Shahzadi Gulfam's work in Timor-Leste has focused on providing care to abused women there.

A police officer from Pakistan who has been aiding victims of domestic violence and trafficking in Timor-Leste is the winner of the 2011 International Female Police Peacekeeper Award. Shahzadi Gulfam, a deputy superintendent of police from Pakistan’s Punjab province with more than two decades of service there and with the UN, was the first Pakistani woman to be deployed in peacekeeping abroad, in Bosnia-Herzegovina in 1997.

She later served with the UN in Kosovo and is on her second tour of duty in Timor-Leste.

The award is given jointly by the UN Police Division in the Department of Peacekeeping Operations and the International Association of Women Police.

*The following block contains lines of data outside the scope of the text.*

lemma quad01_cong_nodes:
  assumes "nodes_in_ref R"
    and "\<And>t. 0 \<le> t \<Longrightarrow> t \<le> 1 \<Longrightarrow> f (real_of_int i + t) * g (real_of_int i + t) = poly P t"
  shows "sum_list (map (\<lambda>(\<xi>, wt). 1 * wt / 2 * f (elem_node 1 i \<xi>) * g (elem_node 1 i \<xi>)) R)
         = quad01 R P"
  unfolding quad01_def
proof (rule arg_cong[where f = sum_list], rule map_cong[OF refl], clarify)
  fix \<xi> wt assume "(\<xi>, wt) \<in> set R"
  then have "0 \<le> (1 + \<xi>) / 2" "(1 + \<xi>) / 2 \<le> 1"
    using assms(1) by (auto simp: nodes_in_ref_def abs_le_iff)
  then show "1 * wt / 2 * f (elem_node 1 i \<xi>) * g (elem_node 1 i \<xi>)
      = wt / 2 * poly P ((1 + \<xi>) / 2)"
    by (simp add: elem_node_unit assms(2) flip: mult.assoc)
qed

lemma infsum_int_supported:
  fixes f :: "int \<Rightarrow> 'a :: {topological_comm_monoid_add, t2_space}"
  assumes "\<And>i. i < 0 \<or> int q < i \<Longrightarrow> f i = 0"
  shows "(\<Sum>\<^sub>\<infinity> i. f i) = (\<Sum>i<Suc q. f (int i))"
proof -
  have "(\<Sum>\<^sub>\<infinity> i. f i) = (\<Sum>\<^sub>\<infinity> i\<in>{0..int q}. f i)"
    by (rule infsum_cong_neutral) (use assms in auto)
  also have "\<dots> = (\<Sum>i\<in>int ` {..q}. f i)"
    by (simp add: image_int_atLeastAtMost atLeast0AtMost[symmetric])
  also have "\<dots> = (\<Sum>i<Suc q. f (int i))"
    by (simp add: sum.reindex lessThan_Suc_atMost)
  finally show ?thesis .
qed

lemma stiffA_eq_sum:
  assumes "1 \<le> q" "nodes_in_ref (blended_rule q)"
  shows "stiffA q k = (\<Sum>i<Suc q. quad01 (blended_rule q)
           (pderiv (bspline_piece q (int i - k)) * pderiv (bspline_piece q (int i))))"
proof -
  have "stiffA q k = (\<Sum>\<^sub>\<infinity> i. quad01 (blended_rule q)
          (pderiv (bspline_piece q (i - k)) * pderiv (bspline_piece q i)))"
    unfolding stiffA_def a_h_def
    by (subst mult_1_left, intro infsum_cong quad01_cong_nodes assms(2))
       (simp add: elem_deriv_bspline[OF assms(1)])
  also have "\<dots> = (\<Sum>i<Suc q. quad01 (blended_rule q)
           (pderiv (bspline_piece q (int i - k)) * pderiv (bspline_piece q (int i))))"
    by (rule infsum_int_supported) (simp add: bspline_piece_outside)
  finally show ?thesis .
qed

lemma massB_eq_sum:
  assumes "1 \<le> q" "nodes_in_ref (blended_rule q)"
  shows "massB q k = (\<Sum>i<Suc q. quad01 (blended_rule q)
           (bspline_piece q (int i - k) * bspline_piece q (int i)))"
proof -
  have "massB q k = (\<Sum>\<^sub>\<infinity> i. quad01 (blended_rule q)
          (bspline_piece q (i - k) * bspline_piece q i))"
    unfolding massB_def b_h_def
    by (subst divide_self, simp, subst mult_1_left, intro infsum_cong quad01_cong_nodes assms(2))
       (simp add: bspline_eq_piece_closed[OF assms(1)])
  also have "\<dots> = (\<Sum>i<Suc q. quad01 (blended_rule q)
           (bspline_piece q (int i - k) * bspline_piece q (int i)))"
    by (rule infsum_int_supported) (simp add: bspline_piece_outside)
  finally show ?thesis .
qed

section \<open>Quadrature of polynomials through moments\<close>

definition moment :: "(real \<times> real) list \<Rightarrow> nat \<Rightarrow> real" where
  "moment R m = sum_list (map (\<lambda>(\<xi>, w). w * \<xi> ^ m) R)"

definition quad_xpow :: "(real \<times> real) list \<Rightarrow> nat \<Rightarrow> real poly \<Rightarrow> real" where
  "quad_xpow R m P = sum_list (map (\<lambda>(\<xi>, w). w / 2 * \<xi> ^ m * poly P \<xi>) R)"

lemma quad01_eq_quad_xpow: "quad01 R P = quad_xpow R 0 (P \<circ>\<^sub>p [:1/2, 1/2:])"
  unfolding quad01_def quad_xpow_def by (simp add: poly_pcompose add_divide_distrib)

lemma quad_xpow_0: "quad_xpow R m 0 = 0"
  unfolding quad_xpow_def by (induction R) auto

lemma quad_xpow_pCons: "quad_xpow R m (pCons a P) = a * moment R m / 2 + quad_xpow R (m + 1) P"
proof -
  have "(\<lambda>(\<xi>, w). w / 2 * \<xi> ^ m * poly (pCons a P) \<xi>)
     = (\<lambda>z. a / 2 * (case z of (\<xi>, w) \<Rightarrow> w * \<xi> ^ m)
             + (case z of (\<xi>, w) \<Rightarrow> w / 2 * \<xi> ^ (m + 1) * poly P \<xi>))"
    by (simp add: case_prod_unfold fun_eq_iff algebra_simps)
  then show ?thesis
    unfolding quad_xpow_def moment_def by (simp only: sum_list_addf sum_list_const_mult)
qed

lemma quad_xpow_1: "quad_xpow R m 1 = moment R m / 2"
  unfolding quad_xpow_def moment_def by (induction R) (auto simp: algebra_simps)

lemma quad_xpow_add: "quad_xpow R m (P + Q) = quad_xpow R m P + quad_xpow R m Q"
  unfolding quad_xpow_def by (induction R) (auto simp: algebra_simps)

lemma quad_xpow_uminus: "quad_xpow R m (- P) = - quad_xpow R m P"
  unfolding quad_xpow_def by (induction R) (auto simp: algebra_simps)

lemma quad_xpow_diff: "quad_xpow R m (P - Q) = quad_xpow R m P - quad_xpow R m Q"
  using quad_xpow_add[of R m P "- Q"] quad_xpow_uminus[of R m Q] by simp

lemma quad_xpow_smult: "quad_xpow R m (smult c P) = c * quad_xpow R m P"
  unfolding quad_xpow_def by (induction R) (auto simp: algebra_simps)

lemma moment_scale_weights:
  "moment (map (\<lambda>(\<xi>, w). (\<xi>, c * w)) R) m = c * moment R m"
  unfolding moment_def by (induction R) (auto simp: algebra_simps)

lemma moment_blended_rule:
  "moment (blended_rule p) m
     = blend_tau p * moment (gauss_rule (p + 1)) m
       + (1 - blend_tau p) * moment (lobatto_rule (p + 1)) m"
  using moment_scale_weights unfolding blended_rule_def by (simp add: moment_def)

lemma sqrt_power_even_numeral: "sqrt y ^ numeral (Num.Bit0 k) = \<bar>y\<bar> ^ numeral k"
proof -
  have "sqrt y ^ numeral (Num.Bit0 k) = (sqrt y * sqrt y) ^ numeral k"
    by (simp only: power_numeral_even Let_def power_mult_distrib)
  then show ?thesis by simp
qed

lemma sqrt_power_odd_numeral: "sqrt y ^ numeral (Num.Bit1 k) = sqrt y * \<bar>y\<bar> ^ numeral k"
proof -
  have "sqrt y ^ numeral (Num.Bit1 k) = sqrt y * (sqrt y * sqrt y) ^ numeral k"
    by (simp only: power_numeral_odd Let_def mult.assoc power_mult_distrib)
  then show ?thesis by simp
qed

lemma sqrt_mult_sqrt_left: "sqrt a * (sqrt a * x) = \<bar>a\<bar> * x"
  by (simp add: mult.assoc[symmetric])

lemma sqrt_70: "sqrt 70 = 7 * sqrt (10/7)"
  using real_sqrt_mult[of 49 "10/7"] by simp

lemma sqrt_30: "sqrt 30 = 5 * sqrt (6/5)"
  using real_sqrt_mult[of 25 "6/5"] by simp

lemma sqrt_10_7_le: "sqrt (10/7) \<le> (2::real)"
  by (rule real_le_lsqrt) simp_all

lemma sqrt_6_5_le: "sqrt (6/5) \<le> (3/2::real)"
  by (rule real_le_lsqrt) (simp_all add: power2_eq_square)

lemma abs_gauss_5_node_squares:
  "\<bar>5 + 2 * sqrt (10/7)\<bar> = 5 + 2 * sqrt (10/7::real)"
  "\<bar>5 - 2 * sqrt (10/7)\<bar> = 5 - 2 * sqrt (10/7::real)"
  using sqrt_10_7_le by (auto intro!: abs_of_nonneg)

lemma abs_gauss_4_node_squares:
  "\<bar>3/7 + 2/7 * sqrt (6/5)\<bar> = 3/7 + 2/7 * sqrt (6/5::real)"
  "\<bar>3/7 - 2/7 * sqrt (6/5)\<bar> = 3/7 - 2/7 * sqrt (6/5::real)"
  "\<bar>3/7 - 2 * sqrt (6/5) / 7\<bar> = 3/7 - 2 * sqrt (6/5) / (7::real)"
  using sqrt_6_5_le by (auto intro!: abs_of_nonneg)

text \<open>Even powers of the nodes and, via \<open>sqrt_30\<close> and \<open>sqrt_70\<close>, the weights become
  polynomials in \<open>sqrt (6/5)\<close> and \<open>sqrt (10/7)\<close>, in which the surds cancel.\<close>

lemmas moment_rule_simps = moment_def gauss_rule_def lobatto_rule_def
  sqrt_power_even_numeral sqrt_power_odd_numeral power_minus_Bit0 power_minus_Bit1
  power_mult_distrib power_divide sqrt_70 sqrt_30 abs_gauss_5_node_squares abs_gauss_4_node_squares

lemmas moment_arith_simps = power_numeral_reduce algebra_simps sqrt_mult_sqrt_left

lemma moments_gauss_2:
  "moment (gauss_rule 2) 0 = 2" "moment (gauss_rule 2) 1 = 0" "moment (gauss_rule 2) 2 = 2/3"
  by (simp add: moment_rule_simps; (simp add: moment_arith_simps)?; (simp add: field_simps)?)+

lemma moments_lobatto_2:
  "moment (lobatto_rule 2) 0 = 2" "moment (lobatto_rule 2) 1 = 0" "moment (lobatto_rule 2) 2 = 2"
  by (simp add: moment_rule_simps; (simp add: moment_arith_simps)?; (simp add: field_simps)?)+

lemma moments_gauss_3:
  "moment (gauss_rule 3) 0 = 2" "moment (gauss_rule 3) 1 = 0" "moment (gauss_rule 3) 2 = 2/3"
  "moment (gauss_rule 3) 3 = 0" "moment (gauss_rule 3) 4 = 2/5"
  by (simp add: moment_rule_simps; (simp add: moment_arith_simps)?; (simp add: field_simps)?)+

lemma moments_lobatto_3:
  "moment (lobatto_rule 3) 0 = 2" "moment (lobatto_rule 3) 1 = 0" "moment (lobatto_rule 3) 2 = 2/3"
  "moment (lobatto_rule 3) 3 = 0" "moment (lobatto_rule 3) 4 = 2/3"
  by (simp add: moment_rule_simps; (simp add: moment_arith_simps)?; (simp add: field_simps)?)+

lemma moments_gauss_4:
  "moment (gauss_rule 4) 0 = 2" "moment (gauss_rule 4) 1 = 0" "moment (gauss_rule 4) 2 = 2/3"
  "moment (gauss_rule 4) 3 = 0" "moment (gauss_rule 4) 4 = 2/5" "moment (gauss_rule 4) 5 = 0"
  "moment (gauss_rule 4) 6 = 2/7"
  by (simp add: moment_rule_simps; (simp add: moment_arith_simps)?; (simp add: field_simps)?)+

lemma moments_lobatto_4:
  "moment (lobatto_rule 4) 0 = 2" "moment (lobatto_rule 4) 1 = 0" "moment (lobatto_rule 4) 2 = 2/3"
  "moment (lobatto_rule 4) 3 = 0" "moment (lobatto_rule 4) 4 = 2/5" "moment (lobatto_rule 4) 5 = 0"
  "moment (lobatto_rule 4) 6 = 26/75"
  by (simp add: moment_rule_simps; (simp add: moment_arith_simps)?; (simp add: field_simps)?)+

lemma moments_gauss_5:
  "moment (gauss_rule 5) 0 = 2" "moment (gauss_rule 5) 1 = 0" "moment (gauss_rule 5) 2 = 2/3"
  "moment (gauss_rule 5) 3 = 0" "moment (gauss_rule 5) 4 = 2/5" "moment (gauss_rule 5) 5 = 0"
  "moment (gauss_rule 5) 6 = 2/7" "moment (gauss_rule 5) 7 = 0" "moment (gauss_rule 5) 8 = 2/9"
  by (simp add: moment_rule_simps; (simp add: moment_arith_simps)?; (simp add: field_simps)?)+

lemma moments_lobatto_5:
  "moment (lobatto_rule 5) 0 = 2" "moment (lobatto_rule 5) 1 = 0" "moment (lobatto_rule 5) 2 = 2/3"
  "moment (lobatto_rule 5) 3 = 0" "moment (lobatto_rule 5) 4 = 2/5" "moment (lobatto_rule 5) 5 = 0"
  "moment (lobatto_rule 5) 6 = 2/7" "moment (lobatto_rule 5) 7 = 0" "moment (lobatto_rule 5) 8 = 58/245"
  by (simp add: moment_rule_simps; (simp add: moment_arith_simps)?; (simp add: field_simps)?)+

lemma nodes_in_ref_blended_rule:
  assumes "p \<in> {1,2,3,4}"
  shows "nodes_in_ref (blended_rule p)"
proof -
  have "0 \<le> 3/7 - 2 * sqrt (6/5) / (7::real)" "3/7 + 2 * sqrt (6/5) / 7 \<le> (1::real)"
    "3/7 - 2 * sqrt (6/5) / 7 \<le> (1::real)"
    "5 + 2 * sqrt (10/7) \<le> (3\<^sup>2::real)" "5 - 2 * sqrt (10/7) \<le> (3\<^sup>2::real)"
    using sqrt_6_5_le sqrt_10_7_le real_sqrt_ge_zero[of "10/7"] real_sqrt_ge_zero[of "6/5"]
    unfolding power2_eq_square
    by linarith+
  moreover have "sqrt (5 + 2 * sqrt (10/7)) \<le> (3::real)" "sqrt (5 - 2 * sqrt (10/7)) \<le> (3::real)"
    using calculation by (auto intro!: real_le_lsqrt)
  ultimately show ?thesis
    using assms by (auto simp: nodes_in_ref_def blended_rule_def gauss_rule_def lobatto_rule_def)
qed

section \<open>The stencils for \<open>p = 1, \<dots>, 4\<close>\<close>

lemma bspline_piece_values:
  "bspline_piece 1 0 = [:0, 1:]" "bspline_piece 1 1 = [:1, -1:]"
  "bspline_piece 2 0 = [:0, 0, 1/2:]" "bspline_piece 2 1 = [:1/2, 1, -1:]"
  "bspline_piece 2 2 = [:1/2, -1, 1/2:]"
  "bspline_piece 3 0 = [:0, 0, 0, 1/6:]" "bspline_piece 3 1 = [:1/6, 1/2, 1/2, -1/2:]"
  "bspline_piece 3 2 = [:2/3, 0, -1, 1/2:]" "bspline_piece 3 3 = [:1/6, -1/2, 1/2, -1/6:]"
  "bspline_piece 4 0 = [:0, 0, 0, 0, 1/24:]" "bspline_piece 4 1 = [:1/24, 1/6, 1/4, 1/6, -1/6:]"
  "bspline_piece 4 2 = [:11/24, 1/2, -1/4, -1/2, 1/4:]"
  "bspline_piece 4 3 = [:11/24, -1/2, -1/4, 1/2, -1/6:]"
  "bspline_piece 4 4 = [:1/24, -1/6, 1/4, -1/6, 1/24:]"
  by (simp_all add: eval_nat_numeral)

text \<open>The simplifier rewrites \<open>1 :: nat\<close> to \<open>Suc 0\<close> (\<open>One_nat_def\<close>) and \<open>Suc 0 + 1\<close> to
  \<open>Suc (Suc 0)\<close>, so the moment lemmas are supplied in that normal form.\<close>

lemmas stencil_simps =
  stiffA_eq_sum[OF _ nodes_in_ref_blended_rule] massB_eq_sum[OF _ nodes_in_ref_blended_rule]
  bspline_piece_values bspline_piece_outside lessThan_nat_numeral lessThan_Suc
  pderiv_pCons pderiv_add pderiv_minus pderiv_diff pderiv_smult
  pcompose_pCons pcompose_1 pcompose_add pcompose_uminus pcompose_diff pcompose_smult ring_distribs
  quad01_eq_quad_xpow quad_xpow_0 quad_xpow_pCons quad_xpow_1 quad_xpow_add quad_xpow_uminus
  quad_xpow_diff quad_xpow_smult moment_blended_rule blend_tau_def numeral_2_eq_2[symmetric]
  moments_gauss_2[unfolded One_nat_def] moments_lobatto_2[unfolded One_nat_def]
  moments_gauss_3[unfolded One_nat_def] moments_lobatto_3[unfolded One_nat_def]
  moments_gauss_4[unfolded One_nat_def] moments_lobatto_4[unfolded One_nat_def]
  moments_gauss_5[unfolded One_nat_def] moments_lobatto_5[unfolded One_nat_def]

lemma stencil_1: "stiffA 1 0 = 2" "stiffA 1 1 = -1" "massB 1 0 = 5/6" "massB 1 1 = 1/12"
  by (simp_all add: stencil_simps)

lemma stencil_2:
  "stiffA 2 0 = 1" "stiffA 2 1 = -1/3" "stiffA 2 2 = -1/6"
  "massB 2 0 = 67/120" "massB 2 1 = 19/90" "massB 2 2 = 7/720"
  by (simp_all add: stencil_simps)

lemma stencil_3:
  "stiffA 3 0 = 2/3" "stiffA 3 1 = -1/8" "stiffA 3 2 = -1/5" "stiffA 3 3 = -1/120"
  "massB 3 0 = 3629/7560" "massB 3 1 = 2377/10080" "massB 3 2 = 121/5040" "massB 3 3 = 1/6048"
  by (simp_all add: stencil_simps)

lemma stencil_4:
  "stiffA 4 0 = 35/72" "stiffA 4 1 = -11/360" "stiffA 4 2 = -17/90" "stiffA 4 3 = -59/2520"
  "stiffA 4 4 = -1/5040"
  "massB 4 0 = 156211/362880" "massB 4 1 = 220543/907200" "massB 4 2 = 36541/907200"
  "massB 4 3 = 1249/907200" "massB 4 4 = 13/3628800"
  by (simp_all add: stencil_simps)

lemma atLeastAtMost_Suc_0_numeral:
  "{Suc 0..2} = {1, 2::nat}" "{Suc 0..3} = {1, 2, 3::nat}" "{Suc 0..4} = {1, 2, 3, 4::nat}"
  by auto

lemma symbols_1:
  "calA 1 x = 2 - 2 * cos x"
  "calB 1 x = 5/6 + 1/6 * cos x"
  "Cconst 1 = -1/240"
  by (simp_all add: calA_def calB_def Cconst_def stencil_1[unfolded One_nat_def] fact_numeral)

Gulfam is a police team leader in Timor-Leste, a young nation that broke away from Indonesia in 1999 and a country where domestic violence and violence against women generally are among the most common crimes. She has been working to provide medical assistance and shelter to abused women and bring suspects in these crimes to court. In the past, abusers were rarely punished because domestic violence was often considered a family matter. Last year it was made a criminal offense.


Shahzadi Gulfam, who won the UN's 2011 International Female Police Peacekeeper Award.

Working with the Timorese national police’s “vulnerable persons unit,” Gulfam travels the still-undeveloped country taking information about the rights of women to remote towns and villages. She has been commended as a role model for local women.

The award was presented to Gulfam on Aug. 21 at the opening ceremony of the International Association of Women Police’s annual training conference in Lexington, Ky.